O Herdeiro do Mundo

093 - Rita X Rael

Autor: Edson Fernandes da Costa | Revisor: Nego

Rael foi despertado quase pulando da cama e só parou porque viu Rita. Rita estava completamente nua e com um rosto bem sensual enquanto escalava Rael, engatinhando por cima dele.

O quarto estava escuro, mas tinha uma pequena iluminação, uma lamparina que vinha do corredor, essa fraca luz passava pela brecha da porta iluminado um pouco a cama, isso fazia com que Rita pudesse ver as formas em sombra.

― Rita? ― perguntou Rael, ainda de olhos arregalados e coração batendo forte. Ele chegou a levantar uma parte da cabeça se apoiando nos braços, ela o empurrou de volta na cama com os dedos da mão direita forçando o peito dele. Rael mal teve a cabeça encostada na cama e já teve seus lábios tomados pelos fartos lábios de Rita. Ela chegou beijando ele de língua, sem a menor vergonha. Rael nem tentou resistir, aquilo era um ponto que Rael definitivamente era fraco, ainda mais sendo uma mulher que ele já conhecia.

― Desculpe se pareço estranha… ― disse Rita parando de beijar Rael só por um tempo, a respiração dela estava completamente alterada. ― Depois de tudo que você disse que eu seria pra você, eu não consegui evitar. ― Ela mal acabou de falar, já fechou os olhos de novo e mergulhou de volta na boca de Rael. A forma que Rita o beijava, a maneira como ela movia deliciosamente os lábios, já deixava Rael completamente louco. Ela chupava e mordia os lábios de Rael com tanta vontade que as vezes quase chegava a machucar.

Ela não parou ali, foi beijando e descendo pelo pescoço de Rael, passando a língua pela pele dele, as vezes ela parava e chupava algum local. Rael ficou ali travado se sentido dominado mas adorando toda aquela dominação, Mara nunca tinha agido assim com ele antes.

Rita continuou descendo e foi chegando naquela parte, ela puxou as calças de Rael junto com a cueca, liberando ele. No mesmo instante, ela parou olhando aquela coisa dura e grossa pulsando diante dela.

― Nossa, você é bem grande para alguém da sua idade. ― disse ela com uma voz tão sexy que deixava Rael ainda mais tenso.

Rael olhava Rita com expectativa enquanto via ela segurar ele com as duas mãos, ela sacou a cabeça e mergulhou os lábios sobre ele. Rael claro que nunca tinha tido tal experiência ficou surpreso, mas no momento que sentiu os lábios macios dela e a boca quente beijando, esfregando a língua na cabeça, ele simplesmente pirou. Rael fechou os olhos e soltou um baixo gemido enquanto apertava os panos da cama. Ele não pensou que a boca também poderia ser usada naquele sentido.

Rita estava passando a língua e chupando, ela também brincava com as mãos fazendo carinho enquanto continuava alisando Rael.

Conforme ela chupava ela percebeu que Rael estava vibrando um pouco mais que o comum, então ela apertou a cabeça de Rael com o polegar impedindo que ele continuasse o que estava perto de fazer.

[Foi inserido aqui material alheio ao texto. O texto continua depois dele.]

definition dg_hom :: "('a, 'b) dgr \<Rightarrow> ('c, 'd) dgr \<Rightarrow> ('a, 'b, 'c, 'd) dgmor \<Rightarrow> bool" where
  "dg_hom A B \<phi> \<longleftrightarrow>
     fst \<phi> \<in> ring_hom (deg0 A) (deg0 B) \<and>
     snd \<phi> \<in> carrier (deg1 A) \<rightarrow> carrier (deg1 B) \<and>
     (\<forall>x\<in>carrier (deg1 A). \<forall>y\<in>carrier (deg1 A).
        snd \<phi> (x \<oplus>\<^bsub>deg1 A\<^esub> y) = snd \<phi> x \<oplus>\<^bsub>deg1 B\<^esub> snd \<phi> y) \<and>
     (\<forall>r\<in>carrier (deg0 A). \<forall>x\<in>carrier (deg1 A).
        snd \<phi> (r \<odot>\<^bsub>deg1 A\<^esub> x) = fst \<phi> r \<odot>\<^bsub>deg1 B\<^esub> snd \<phi> x) \<and>
     (\<forall>x\<in>carrier (deg1 A). fst \<phi> (dif A x) = dif B (snd \<phi> x))"

text \<open>ker d (= H^{-1}) and the congruence modulo im d defining coker d (= H^0).\<close>
definition dg_ker :: "('a, 'b) dgr \<Rightarrow> 'b set" where
  "dg_ker A = {x \<in> carrier (deg1 A). dif A x = \<zero>\<^bsub>deg0 A\<^esub>}"

definition cong_im :: "('a, 'b) dgr \<Rightarrow> 'a \<Rightarrow> 'a \<Rightarrow> bool" where
  "cong_im A a a' \<longleftrightarrow> (\<exists>y\<in>carrier (deg1 A). a = a' \<oplus>\<^bsub>deg0 A\<^esub> dif A y)"

text \<open>Quasi-isomorphism: induced map on ker d is bijective, and the induced map
  R^0/im d \<rightarrow> R^0/im d on cokernels is well defined (automatic), injective and surjective.\<close>
definition quasi_iso :: "('a, 'b) dgr \<Rightarrow> ('c, 'd) dgr \<Rightarrow> ('a, 'b, 'c, 'd) dgmor \<Rightarrow> bool" where
  "quasi_iso A B \<phi> \<longleftrightarrow>
     dg_hom A B \<phi> \<and>
     bij_betw (snd \<phi>) (dg_ker A) (dg_ker B) \<and>
     (\<forall>a\<in>carrier (deg0 A). \<forall>a'\<in>carrier (deg0 A).
        cong_im B (fst \<phi> a) (fst \<phi> a') \<longrightarrow> cong_im A a a') \<and>
     (\<forall>b\<in>carrier (deg0 B). \<exists>a\<in>carrier (deg0 A). cong_im B b (fst \<phi> a))"

definition dg_surj :: "('a, 'b) dgr \<Rightarrow> ('c, 'd) dgr \<Rightarrow> ('a, 'b, 'c, 'd) dgmor \<Rightarrow> bool" where
  "dg_surj A B \<phi> \<longleftrightarrow>
     fst \<phi> ` carrier (deg0 A) = carrier (deg0 B) \<and> snd \<phi> ` carrier (deg1 A) = carrier (deg1 B)"

definition fib_prod :: "('a, 'b) dgr \<Rightarrow> ('c, 'd) dgr \<Rightarrow> ('a, 'b, 'e, 'f) dgmor \<Rightarrow> ('c, 'd, 'e, 'f) dgmor
    \<Rightarrow> ('a \<times> 'c, 'b \<times> 'd) dgr" where
  "fib_prod A C f g =
    \<lparr> deg0 = \<lparr> carrier = {(a, c). a \<in> carrier (deg0 A) \<and> c \<in> carrier (deg0 C) \<and> fst f a = fst g c},
               mult = (\<lambda>(a, c) (a', c'). (a \<otimes>\<^bsub>deg0 A\<^esub> a', c \<otimes>\<^bsub>deg0 C\<^esub> c')),
               one = (\<one>\<^bsub>deg0 A\<^esub>, \<one>\<^bsub>deg0 C\<^esub>),
               zero = (\<zero>\<^bsub>deg0 A\<^esub>, \<zero>\<^bsub>deg0 C\<^esub>),
               add = (\<lambda>(a, c) (a', c'). (a \<oplus>\<^bsub>deg0 A\<^esub> a', c \<oplus>\<^bsub>deg0 C\<^esub> c')) \<rparr>,
      deg1 = \<lparr> carrier = {(x, z). x \<in> carrier (deg1 A) \<and> z \<in> carrier (deg1 C) \<and> snd f x = snd g z},
               mult = (\<lambda>_ _. (\<zero>\<^bsub>deg1 A\<^esub>, \<zero>\<^bsub>deg1 C\<^esub>)),
               one = (\<zero>\<^bsub>deg1 A\<^esub>, \<zero>\<^bsub>deg1 C\<^esub>),
               zero = (\<zero>\<^bsub>deg1 A\<^esub>, \<zero>\<^bsub>deg1 C\<^esub>),
               add = (\<lambda>(x, z) (x', z'). (x \<oplus>\<^bsub>deg1 A\<^esub> x', z \<oplus>\<^bsub>deg1 C\<^esub> z')),
               smult = (\<lambda>(a, c) (x, z). (a \<odot>\<^bsub>deg1 A\<^esub> x, c \<odot>\<^bsub>deg1 C\<^esub> z)) \<rparr>,
      dif = (\<lambda>(x, z). (dif A x, dif C z)) \<rparr>"

text \<open>A correspondence R1 <-f- R12 -g-> R2 is represented by the triple (R12, f, g).\<close>
type_synonym ('a, 'b, 'c, 'd, 'e, 'f) corr =
  "('a, 'b) dgr \<times> ('a, 'b, 'c, 'd) dgmor \<times> ('a, 'b, 'e, 'f) dgmor"

definition is_corr :: "('c, 'd) dgr \<Rightarrow> ('e, 'f) dgr \<Rightarrow> ('a, 'b, 'c, 'd, 'e, 'f) corr \<Rightarrow> bool" where
  "is_corr R1 R2 c \<longleftrightarrow> (case c of (R12, f, g) \<Rightarrow>
     is_dgr R12 \<and> dg_hom R12 R1 f \<and> dg_hom R12 R2 g)"

definition corr_comp ::
  "('a, 'b, 'c, 'd, 'e, 'f) corr \<Rightarrow> ('g, 'h, 'e, 'f, 'i, 'j) corr
     \<Rightarrow> ('a \<times> 'g, 'b \<times> 'h, 'c, 'd, 'i, 'j) corr" where
  "corr_comp c12 c23 = (case c12 of (R12, f, g) \<Rightarrow> case c23 of (R23, f', g') \<Rightarrow>
     (fib_prod R12 R23 g f',
      (fst f \<circ> fst, snd f \<circ> fst),
      (fst g' \<circ> snd, snd g' \<circ> snd)))"

definition weakly_admissible :: "('c, 'd) dgr \<Rightarrow> ('e, 'f) dgr \<Rightarrow> ('a, 'b, 'c, 'd, 'e, 'f) corr \<Rightarrow> bool" where
  "weakly_admissible R1 R2 c \<longleftrightarrow> is_corr R1 R2 c \<and> (case c of (R12, f, g) \<Rightarrow>
     quasi_iso R12 R1 f \<and>
     (\<lambda>x. (snd f x, snd g x)) ` carrier (deg1 R12) = carrier (deg1 R1) \<times> carrier (deg1 R2))"

definition anamorphism :: "('c, 'd) dgr \<Rightarrow> ('e, 'f) dgr \<Rightarrow> ('a, 'b, 'c, 'd, 'e, 'f) corr \<Rightarrow> bool" where
  "anamorphism R1 R2 c \<longleftrightarrow> is_corr R1 R2 c \<and> (case c of (R12, f, g) \<Rightarrow>
     quasi_iso R12 R1 f \<and> dg_surj R12 R1 f)"

end

theory Submission
  imports Defs
begin
(* Let $\gamma$ be a meromorphic family in $\mathrm{GL}_n(\mathbb C)$ with exponents $m_1\ge\dots\ge m_n$, let $k_1>\dots>k_\tau$ be the distinct values among the $m_i$, and let $\alpha_j$ be the number of indices $i$ with $m_i=k_j$. Then (a) for each $j$ the limit $P_j:=\lim_{z\to0}\mathrm{graph}(z^{k_j}\gamma(z))$ exists in the Grassmannian $\mathrm{Gr}_n$ of $n$-dimensional subspaces of $\mathbb C^n\oplus\mathbb C^n$, and $\mathrm{rk}\,P_j=\alpha_j$; (b) the collection $\mathcal P^\gamma=(P_1,\dots,P_\tau)$ is a hinge.
   Context: A meromorphic family is a map $\gamma$ from a punctured disc $0<|z|<\varepsilon$ to $\mathrm{GL}_n(\mathbb C)$ whose matrix entries are holomorphic there with poles or removable singularities at $0$. Every such $\gamma$ can be written $\gamma(z)=a(z)\,\mathrm{diag}(z^{-m_1},\dots,z^{-m_n})\,b(z)$ with $a,b$ holomorphic near $0$ with $a(0),b(0)$ invertible and integers $m_1\ge\dots\ge m_n$ uniquely determined by $\gamma$; these are the exponents. For a subspace (linear relation) $P\subset V\oplus V$, $V=\mathbb C^n$: $\mathrm{Ker}\,P=\{v:v\oplus0\in P\}$, $\mathrm{Dom}\,P$ and $\mathrm{Im}\,P$ are the projections of $P$ to the first and second summands, $\mathrm{Indef}\,P=\{w:0\oplus w\in P\}$, $\mathrm{rk}\,P=\dim\mathrm{Dom}\,P-\dim\mathrm{Ker}\,P$. A hinge is a sequence $(P_1,\dots,P_k)$ of $n$-dimensional subspaces of $V\oplus V$ such that $\mathrm{Ker}\,P_j=\mathrm{Dom}\,P_{j+1}$ and $\mathrm{Im}\,P_j=\mathrm{Indef}\,P_{j+1}$ for $1\le j\le k-1$, $\mathrm{Dom}\,P_1=V$, $\mathrm{Im}\,P_k=V$, and $\mathrm{rk}\,P_j>0$ for all $j$. *)

theory Defs
  imports "HOL-Complex_Analysis.Complex_Analysis"
begin

type_synonym 'n cmat = "complex ^'n ^'n"
type_synonym 'n rel = "((complex ^'n) \<times> (complex ^'n)) set"

definition pscale :: "complex \<Rightarrow> (complex ^'n) \<times> (complex ^'n) \<Rightarrow> (complex ^'n) \<times> (complex ^'n)" where
  "pscale c p = (c *s fst p, c *s snd p)"

definition ndim_subspace :: "'n::finite rel \<Rightarrow> bool" where
  "ndim_subspace P \<longleftrightarrow> module.subspace pscale P \<and> vector_space.dim pscale P = CARD('n)"

definition Ker :: "'n::finite rel \<Rightarrow> (complex ^'n) set" where
  "Ker P = {v. (v, 0) \<in> P}"
definition Dom :: "'n::finite rel \<Rightarrow> (complex ^'n) set" where
  "Dom P = fst ` P"
definition Im :: "'n::finite rel \<Rightarrow> (complex ^'n) set" where
  "Im P = snd ` P"
definition Indef :: "'n::finite rel \<Rightarrow> (complex ^'n) set" where
  "Indef P = {w. (0, w) \<in> P}"
definition rk :: "'n::finite rel \<Rightarrow> int" where
  "rk P = int (vec.dim (Dom P)) - int (vec.dim (Ker P))"

text \<open>A hinge (P_0,...,P_{k-1}) (0-based indexing).\<close>
definition hinge :: "nat \<Rightarrow> (nat \<Rightarrow> 'n::finite rel) \<Rightarrow> bool" where
  "hinge k P \<longleftrightarrow> k \<ge> 1
     \<and> (\<forall>j<k. ndim_subspace (P j))
     \<and> (\<forall>j. j + 1 < k \<longrightarrow> Ker (P j) = Dom (P (j+1)) \<and> Im (P j) = Indef (P (j+1)))
     \<and> Dom (P 0) = UNIV
     \<and> Im (P (k - 1)) = UNIV
     \<and> (\<forall>j<k. rk (P j) > 0)"
lemma hpoly_paths: "hpoly n = (\<Sum>f\<in>motzkin_paths n 0. cfr_summand n f)"
proof -
  have "hpoly n = (\<Sum>f\<in>ftuples n. cfr_summand n f)"
    unfolding hpoly_def cfr_summand_def
    by (rule sum.cong[OF refl]) (simp only: cfr_product_regroup[OF ftuples_boundary(1,2)])
  also have "\<dots> = (\<Sum>f\<in>motzkin_paths n 0. cfr_summand n f)"
  proof (rule sum.mono_neutral_right[OF finite_ftuples motzkin_paths_ftuples], rule ballI)
    fix f assume "f \<in> ftuples n - motzkin_paths n 0"
    then obtain k where "k < n" "\<not> motzkin_step (f k) (f (Suc k))"
      using ftuples_non_path by blast
    then show "cfr_summand n f = 0"
      unfolding cfr_summand_def by (auto intro!: prod_zero bexI[of _ k] cfr_factor_non_step)
  qed
  finally show ?thesis .
qed

lemma degree_cfr_summand:
  assumes "f \<in> motzkin_paths n 0"
  shows "degree (cfr_summand n f) \<le> n * (n - 1) div 2"
proof -
  have "degree (cfr_summand n f)
      \<le> degree (monom (1::complex) (nat (hexp n f))) + degree (\<Prod>k<n. cfr_factor (f k) (f (Suc k)))"
    unfolding cfr_summand_def by (rule degree_mult_le)
  also have "\<dots> \<le> nat (hexp n f) + (\<Sum>k<n. reversal_degree (f k) (f (Suc k)))"
  proof (rule add_mono)
    have "degree (\<Prod>k<n. cfr_factor (f k) (f (Suc k))) \<le> (\<Sum>k<n. degree (cfr_factor (f k) (f (Suc k))))"
      using degree_prod_sum_le[of "{..<n}" "\<lambda>k. cfr_factor (f k) (f (Suc k))"] by (simp add: o_def)
    also have "\<dots> \<le> (\<Sum>k<n. reversal_degree (f k) (f (Suc k)))"
      by (intro sum_mono degree_cfr_factor)
    finally show "degree (\<Prod>k<n. cfr_factor (f k) (f (Suc k))) \<le> (\<Sum>k<n. reversal_degree (f k) (f (Suc k)))" .
  qed (rule degree_monom_le)
  also have "\<dots> = n * (n - 1) div 2" by (rule path_exponents[OF assms])
  finally show ?thesis .
qed

lemma degree_hpoly: "degree (hpoly n) \<le> n * (n - 1) div 2"
  unfolding hpoly_paths by (rule degree_sum_le[OF finite_motzkin_paths degree_cfr_summand])

lemma cfr_summand_reflect:
  assumes f: "f \<in> motzkin_paths n 0" and x: "x \<noteq> 0" "x \<noteq> -1"
  shows "x ^ (n * (n - 1) div 2) * poly (cfr_summand n f) (inverse x)
       = poly (\<Prod>k<n. step_weight level_weight up_weight down_weight (f k) (f (Suc k))) x"
proof -
  have steps: "\<And>k. k < n \<Longrightarrow> motzkin_step (f k) (f (Suc k))"
    using f by (auto simp: motzkin_paths_def)
  define e where "e = nat (hexp n f)"
  have "x ^ (n * (n - 1) div 2) = x ^ e * (\<Prod>k<n. x ^ reversal_degree (f k) (f (Suc k)))"
    unfolding path_exponents[OF f, symmetric] e_def by (simp add: power_add power_sum)
  then have "x ^ (n * (n - 1) div 2) * poly (cfr_summand n f) (inverse x)
      = (x ^ e * inverse x ^ e) *
        (\<Prod>k<n. x ^ reversal_degree (f k) (f (Suc k)) * poly (cfr_factor (f k) (f (Suc k))) (inverse x))"
    by (simp add: cfr_summand_def e_def[symmetric] poly_monom poly_prod prod.distrib mult_ac)
  also have "\<dots> = (\<Prod>k<n. poly (step_weight level_weight up_weight down_weight (f k) (f (Suc k))) x)"
    using x steps by (simp add: cfr_factor_reflect power_mult_distrib[symmetric])
  finally show ?thesis by (simp add: poly_prod)
qed
lemma tau_t_gt:
  assumes lam: "0 < lam" and r: "0 \<le> r"
    and S: "S \<subseteq> {..<n}" "S \<noteq> {}" "S \<noteq> {..<n}"
    and RS: "vol w n r S / vol w n r {..<n} \<noteq> 1/2"
  shows "ln (sqrt 2) / lam < tau_t w n r lam S"
proof -
  define \<delta> where "\<delta> = dmin w n powr (r/2)"
  define a where "a = vol w n r S"
  define c where "c = vol w n r ({..<n} - S)"
  have n: "0 < n" using S by auto
  have \<delta>: "0 < \<delta>" "\<delta>^2 \<le> a" "\<delta>^2 \<le> c"
    using dmin_pos[OF n] dmin_powr_half_sq[OF n] dmin_powr_le_vol[OF r] S
    unfolding \<delta>_def a_def c_def by auto
  have a: "0 < a" and c: "0 < c" using \<delta> by (smt (verit) zero_less_power)+
  have V: "vol w n r {..<n} = a + c" unfolding a_def c_def using vol_split[OF S(1)] .
  have "a \<noteq> c" using RS a unfolding V a_def by auto
  hence "sqrt 2 < sqrt a * sqrt c / (sqrt (a + c) * \<bar>a / (a + c) - 1/2\<bar> * \<delta>)"
    using \<delta> by (intro sqrt2_lt_balance_ratio)
  moreover have "a / (a + c) \<noteq> 1/2" using RS unfolding V a_def .
  ultimately have "ln (sqrt 2) < ln (sqrt a * sqrt c / (sqrt (a + c) * \<bar>a / (a + c) - 1/2\<bar> * \<delta>))"
    using a c \<delta> by (subst ln_less_cancel_iff) auto
  moreover have "tau_t w n r lam S =
      1 / lam * ln (sqrt a * sqrt c / (sqrt (a + c) * \<bar>a / (a + c) - 1/2\<bar> * \<delta>))"
    unfolding tau_t_def Let_def V a_def[symmetric] c_def[symmetric] \<delta>_def[symmetric]
    using a c by (simp add: powr_half_sqrt)
  ultimately show ?thesis using lam by (simp add: divide_strict_right_mono)
qed

end

theorem mainTheorem12:
  fixes w :: "nat \<Rightarrow> nat \<Rightarrow> real" and n :: nat and r :: real
    and S :: "nat set" and lam :: "nat \<Rightarrow> real"
  assumes n2: "n \<ge> 2"
    and r: "0 \<le> r" "r \<le> 1"
    and sym: "\<forall>i<n. \<forall>j<n. w i j = w j i"
    and nonneg: "\<forall>i<n. \<forall>j<n. w i j \<ge> 0"
    and diag: "\<forall>i<n. w i i = 0"
    and degpos: "\<forall>i<n. deg w n i > 0"
    and conn: "connected_graph w n"
    and eig_sorted: "\<forall>i j. i \<le> j \<longrightarrow> j < n \<longrightarrow> lam i \<le> lam j"
    and eig: "char_poly (laplacian_mat w n r) = (\<Prod>i<n. [:- lam i, 1:])"
    and S: "S \<subseteq> {..<n}" "S \<noteq> {}" "S \<noteq> {..<n}"
    and RS: "vol w n r S / vol w n r {..<n} \<noteq> 1/2"
    and ratio: "lam 1 / lam (n - 1) < ln (sqrt 2) / ln (3/2)"
  shows "tau_rho w n r (lam (n - 1)) S < tau_t w n r (lam 1) S"
proof -
  interpret weighted_graph w n using sym nonneg degpos by unfold_locales
  have lam2: "0 < lam 1" using laplacian_second_eigenvalue_pos[OF n2 conn eig_sorted eig] .
  have "lam 1 \<le> lam (n - 1)" using eig_sorted n2 by simp
  hence lamn: "0 < lam (n - 1)" using lam2 by linarith
  have "0 < ln (3/2 :: real)" by simp
  hence "ln (3/2) / lam (n - 1) < ln (sqrt 2) / lam 1"
    using ratio lam2 lamn by (simp add: field_simps)
  thus ?thesis using tau_rho_le[OF lamn r(1) S(1,2)] tau_t_gt[OF lam2 r(1) S RS] by linarith
qed

end
(* Let $(X,\mu)$ be a non-atomic probability measure space equipped with a tree $\mathcal{T}$, with associated dyadic maximal operator $\mathcal{M}_{\mathcal{T}}$. For every $q$ with $0<q<1$ and every $f,h$ with $0<h\le f^q$, $$\int_X(\mathcal{M}_{\mathcal{T}}\phi)^q\,d\mu\le h\,\omega_q\Big(\frac{f^q}{h}\Big)$$ for every $\phi\in L^1(X,\mu)$ with $\phi\ge0$, $\int_X\phi\,d\mu=f$, $\int_X\phi^q\,d\mu=h$.
   Context: A set $\mathcal{T}$ of measurable subsets of $X$ is a tree if: (i) $X\in\mathcal{T}$ and $\mu(I)>0$ for every $I\in\mathcal{T}$; (ii) for every $I\in\mathcal{T}$ there is a finite or countable set $C(I)\subseteq\mathcal{T}$ with at least two elements, consisting of pairwise disjoint subsets of $I$ whose union is $I$; (iii) $\mathcal{T}=\bigcup_{m\ge0}\mathcal{T}_{(m)}$ where $\mathcal{T}_{(0)}=\{X\}$ and $\mathcal{T}_{(m+1)}=\bigcup_{I\in\mathcal{T}_{(m)}}C(I)$; (iv) $\lim_{m\to\infty}\sup_{I\in\mathcal{T}_{(m)}}\mu(I)=0$. The dyadic maximal operator is $\mathcal{M}_{\mathcal{T}}\phi(x)=\sup\{\frac{1}{\mu(I)}\int_I|\phi|\,d\mu : x\in I\in\mathcal{T}\}$. Here $\omega_q(z)=[H_q^{-1}(z)]^q$ for $z\ge1$, where $H_q(z)=(1-q)z^q+qz^{q-1}$ on $[1,\infty)$ (a strictly increasing bijection onto $[1,\infty)$). *)

theory Defs
  imports "HOL-Probability.Probability"
begin

definition non_atomic :: "'a measure \<Rightarrow> bool" where
  "non_atomic M \<longleftrightarrow> \<not> (\<exists>A\<in>sets M. emeasure M A > 0 \<and>
     (\<forall>B\<in>sets M. B \<subseteq> A \<longrightarrow> emeasure M B = 0 \<or> emeasure M (A - B) = 0))"

fun tree_level :: "('a set \<Rightarrow> 'a set set) \<Rightarrow> 'a set \<Rightarrow> nat \<Rightarrow> 'a set set" where
  "tree_level C X 0 = {X}"
| "tree_level C X (Suc m) = \<Union> (C ` tree_level C X m)"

― Nem começamos e você já quer gozar? ― perguntou ela. Rael ficou respirando na cama tentando relaxar.

― Eu nunca tinha feito desse jeito. ― disse Rael. Rita continuou segurando a cabeça de baixo dele com o polegar. Depois que ela percebeu que ele se acalmou ela soltou o garoto e subiu escalando Rael novamente.

― Então, porque você não treina comigo? ― perguntou ela e se ajoelhou por cima do rosto de Rael, ficando com um joelho de cada lado. Ela forçava a dela rosada contra o rosto dele, se apoiando com os joelhos, pernas e mãos. Rael podia ver bem a dela peluda em sua frente, ele entendeu o que ela queria. Mesmo começando com um pouco de timidez, ele levantou as mãos agarrando a bunda dela e avançou com a língua. O gosto que ele sentiu era um tanto peculiar, nem chegava a ser azedo nem doce é claro, era um pouquinho salgado mas nem tanto, tinha também um cheiro de sabonete. Rael começou timidamente com a língua e conforme Rita gemia, ele foi criando mais coragem e avançando a língua para dentro da dela. As vezes ele deslizava por fora, pelas beiras dos lábios laterais, as vezes por dentro. Rita deixou que ele brincasse da maneira dele com a dela por um tempo, depois achou melhor dar algumas dicas.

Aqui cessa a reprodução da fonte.